### Listed entries ###
(* Let $r:\mathbb{R}\to[0,1]$, $0<\phi\le1$, $\eta_\lambda>0$, $\alpha\in(0,1)$, and let $(\lambda^*,c^* )$ be a fixed point of $F(\lambda,c)=\big(\phi\lambda-\eta_\lambda(r(\lambda)-c),\ (1-\alpha)c+\alpha r(\lambda)\big)$ (so $r(\lambda^* )=c^*$), with $r$ differentiable at $\lambda^*$ and $s=r'(\lambda^* )$. Consider the stochastic recursion $\lambda_{t+1}=\phi\lambda_t-\eta_\lambda(r_t-c_t)$, $c_{t+1}=(1-\alpha)c_t+\alpha r_t$, where the empirical flip rate is $r_t=r(\lambda_t)+\xi_t$ with $\mathbb{E}[\xi_t\mid\lambda_t]=0$ and $|\xi_t|\le\delta$ almost surely for some $\delta>0$. If the Jacobian $J=\begin{pmatrix}\phi-\eta_\lambda s & \eta_\lambda\\ \alpha s & 1-\alpha\end{pmatrix}$ has spectral radius $\rho(J)<1$, then the trajectory $(\lambda_t,c_t)$ is almost surely bounded, i.e. $\sup_{t\ge0}\|(\lambda_t,c_t)\|<\infty$ almost surely.
   Context: Interpretation: within a mean-field approximation with RBM parameters frozen at $\theta^*$, $r(\lambda)=r(\theta^*,\lambda)$ is the mean Gibbs-sampler flip rate at log-temperature $\lambda$ (temperature $e^\lambda$), and $c_t$ is an exponentially smoothed reference flip rate. *)

theory Defs
  imports "HOL-Probability.Probability" "Jordan_Normal_Form.Spectral_Radius"
begin

text \<open>The Jacobian of F(lambda,c) at the fixed point, as a complex 2x2 matrix
  (so that the library spectral radius applies).\<close>
definition jacobian_J :: "real \<Rightarrow> real \<Rightarrow> real \<Rightarrow> real \<Rightarrow> complex mat" where
  "jacobian_J phi eta alpha s =
     mat_of_rows_list 2
       [[complex_of_real (phi - eta * s), complex_of_real eta],
        [complex_of_real (alpha * s), complex_of_real (1 - alpha)]]"

definition F_map :: "(real \<Rightarrow> real) \<Rightarrow> real \<Rightarrow> real \<Rightarrow> real \<Rightarrow> real \<times> real \<Rightarrow> real \<times> real" where
  "F_map r phi eta alpha = (\<lambda>(l, c). (phi * l - eta * (r l - c), (1 - alpha) * c + alpha * r l))"

end

theory Submission
  imports Defs
begin

text \<open>Both recursions are driven by the input \<open>r(\<lambda>\<^sub>t) + \<xi>\<^sub>t\<close>, which is bounded by
  \<open>1 + \<delta>\<close>. The reference rate \<open>c\<^sub>t\<close> is a running convex combination of inputs, hence
  bounded, and if \<open>\<phi> < 1\<close> then \<open>\<lambda>\<^sub>t\<close> contracts by the factor \<open>\<phi>\<close> up to a bounded
  forcing term. The remaining case \<open>\<phi> = 1\<close> is excluded by the spectral hypothesis: then \<open>(1, s)\<close> is an eigenvector of \<open>J\<close> for the eigenvalue 1.
  The bound thus holds on every path where the noise stays within \<open>\<delta>\<close>; the zero-mean
  condition, the fixed point and the derivative enter only through \<open>\<rho>(J) < 1\<close>.\<close>

lemma le_max_of_contraction_step:
  fixes u :: "nat \<Rightarrow> real"
  assumes q: "0 \<le> q" "q < 1"
    and step: "\<And>t. u (Suc t) \<le> q * u t + K"
  shows "u t \<le> max (u 0) (K / (1 - q))"
proof (induction t)
  case 0
  show ?case by simp
next
  case (Suc t)
  let ?m = "max (u 0) (K / (1 - q))"
  have "K = (1 - q) * (K / (1 - q))"
    using q by simp
  also have "\<dots> \<le> (1 - q) * ?m"
    using q by (intro mult_left_mono) auto
  finally have "K \<le> (1 - q) * ?m" .
  then show ?case
    using step[of t] mult_left_mono[OF Suc q(1)] by (simp add: algebra_simps)
qed

lemma trajectory_bounded_of_bounded_input:
  fixes l c u :: "nat \<Rightarrow> real"
  assumes "0 \<le> phi" "phi < 1" "0 \<le> eta" "0 < alpha" "alpha \<le> 1"
    and u: "\<And>t. \<bar>u t\<bar> \<le> R"
    and l_step: "\<And>t. l (Suc t) = phi * l t - eta * (u t - c t)"
    and c_step: "\<And>t. c (Suc t) = (1 - alpha) * c t + alpha * u t"
  shows "\<exists>B. \<forall>t. norm (l t, c t) \<le> B"
proof -
  have c_contracts: "\<bar>c (Suc t)\<bar> \<le> (1 - alpha) * \<bar>c t\<bar> + alpha * R" for t
  proof -
    have "\<bar>c (Suc t)\<bar> \<le> (1 - alpha) * \<bar>c t\<bar> + alpha * \<bar>u t\<bar>"
      using assms(4,5) by (simp add: c_step abs_mult abs_triangle_ineq[THEN order_trans])
    also have "\<dots> \<le> (1 - alpha) * \<bar>c t\<bar> + alpha * R"
      using u[of t] assms(4) by (simp add: mult_left_mono)
    finally show ?thesis .
  qed
  define C where "C = max \<bar>c 0\<bar> R"
  have c_le: "\<bar>c t\<bar> \<le> C" for t
    using le_max_of_contraction_step[where u = "\<lambda>t. \<bar>c t\<bar>", OF _ _ c_contracts] assms(4,5)
    by (simp add: C_def)
  have l_contracts: "\<bar>l (Suc t)\<bar> \<le> phi * \<bar>l t\<bar> + eta * (R + C)" for t
  proof -
    have "\<bar>l (Suc t)\<bar> \<le> phi * \<bar>l t\<bar> + eta * \<bar>u t - c t\<bar>"
      using assms(1,3) by (simp add: l_step abs_mult abs_triangle_ineq4[THEN order_trans])
    also have "\<dots> \<le> phi * \<bar>l t\<bar> + eta * (R + C)"
      using u[of t] c_le[of t] assms(3) by (intro add_left_mono mult_left_mono) linarith+
    finally show ?thesis .
  qed
  define L where "L = max \<bar>l 0\<bar> (eta * (R + C) / (1 - phi))"
  have l_le: "\<bar>l t\<bar> \<le> L" for t
    using le_max_of_contraction_step[where u = "\<lambda>t. \<bar>l t\<bar>", OF assms(1,2) l_contracts]
    by (simp add: L_def)
  have "norm (l t, c t) \<le> L + C" for t
    using norm_Pair_le[of "l t" "c t"] l_le[of t] c_le[of t] by simp
  then show ?thesis by blast
qed

lemma norm_le_spectral_radius:
  assumes A: "A \<in> carrier_mat n n" and k: "eigenvalue A k"
  shows "cmod k \<le> spectral_radius A"
proof -
  obtain v :: "complex vec" where "v \<in> carrier_vec n" "v \<noteq> 0\<^sub>v n"
    using k A unfolding eigenvalue_def eigenvector_def by blast
  then have "n > 0" by (intro Nat.gr0I) (auto intro: eq_vecI)
  then show ?thesis
    using spectral_radius_mem_max(2)[OF A] k by (simp add: spectrum_def)
qed

lemma eigenvalue_jacobian_J_phi_1: "eigenvalue (jacobian_J 1 eta alpha s) 1"
proof -
  let ?v = "vec_of_list [1, complex_of_real s]"
  have "jacobian_J 1 eta alpha s *\<^sub>v ?v = ?v"
    by (auto simp: jacobian_J_def mat_of_rows_list_def mult_mat_vec_def scalar_prod_def
        algebra_simps numeral_2_eq_2 less_Suc_eq simp flip: of_real_mult of_real_add
        intro!: eq_vecI)
  moreover have "?v \<noteq> 0\<^sub>v 2"
    by (auto dest: arg_cong[where f = "\<lambda>v :: complex vec. v $ 0"])
  ultimately show ?thesis
    unfolding eigenvalue_def eigenvector_def
    by (intro exI[of _ ?v]) (auto simp: jacobian_J_def mat_of_rows_list_def)
qed

lemma one_le_spectral_radius_jacobian_J_phi_1: "1 \<le> spectral_radius (jacobian_J 1 eta alpha s)"
proof -
  have "jacobian_J 1 eta alpha s \<in> carrier_mat 2 2"
    unfolding jacobian_J_def mat_of_rows_list_def carrier_mat_def by simp
  from norm_le_spectral_radius[OF this eigenvalue_jacobian_J_phi_1]
  show ?thesis by simp
qed

theorem proposition1:
  fixes M :: "'w measure"
    and r :: "real \<Rightarrow> real"
    and phi eta alpha delta lstar cstar s :: real
    and lam c xi :: "nat \<Rightarrow> 'w \<Rightarrow> real"
  assumes "prob_space M"
    and r_range: "\<And>x. 0 \<le> r x \<and> r x \<le> 1"
    and "0 < phi" "phi \<le> 1" "0 < eta" "0 < alpha" "alpha < 1" "0 < delta"
    and fixed: "F_map r phi eta alpha (lstar, cstar) = (lstar, cstar)"
    and deriv: "(r has_real_derivative s) (at lstar)"
    and lam_meas: "\<And>t. lam t \<in> borel_measurable M"
    and c_meas: "\<And>t. c t \<in> borel_measurable M"
    and xi_int: "\<And>t. integrable M (xi t)"
    and xi_cond: "\<And>t. AE w in M.
          real_cond_exp M (vimage_algebra (space M) (lam t) borel) (xi t) w = 0"
    and xi_bound: "\<And>t. AE w in M. \<bar>xi t w\<bar> \<le> delta"
    and rec_lam: "\<And>t w. w \<in> space M \<Longrightarrow>
          lam (Suc t) w = phi * lam t w - eta * ((r (lam t w) + xi t w) - c t w)"
    and rec_c: "\<And>t w. w \<in> space M \<Longrightarrow>
          c (Suc t) w = (1 - alpha) * c t w + alpha * (r (lam t w) + xi t w)"
    and spec: "spectral_radius (jacobian_J phi eta alpha s) < 1"
  shows "AE w in M. \<exists>B. \<forall>t. norm (lam t w, c t w) \<le> B"
proof -
  have "phi < 1"
  proof (rule ccontr)
    assume "\<not> phi < 1"
    with \<open>phi \<le> 1\<close> have "1 \<le> spectral_radius (jacobian_J phi eta alpha s)"
      using one_le_spectral_radius_jacobian_J_phi_1 by simp
    with spec show False by simp
  qed
  have "AE w in M. \<forall>t. \<bar>xi t w\<bar> \<le> delta"
    using xi_bound by (simp add: AE_all_countable)
  moreover have "AE w in M. w \<in> space M"
    by simp
  ultimately show ?thesis
  proof eventually_elim
    case (elim w)
    have "\<bar>r (lam t w) + xi t w\<bar> \<le> 1 + delta" for t
      using r_range[of "lam t w"] elim(1)[rule_format, of t] by (auto simp: abs_le_iff)
    with elim(2) show ?case
      using assms(3,5,6,7) \<open>phi < 1\<close> rec_lam rec_c
      by (intro trajectory_bounded_of_bounded_input[where u = "\<lambda>t. r (lam t w) + xi t w"]) auto
  qed
qed

end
###
◆ Exercise directions:
Report each line of the listing above that uses the word "unfolding".

◆ Result for this exercise:
    using k A unfolding eigenvalue_def eigenvector_def by blast
    unfolding eigenvalue_def eigenvector_def
    unfolding jacobian_J_def mat_of_rows_list_def carrier_mat_def by simp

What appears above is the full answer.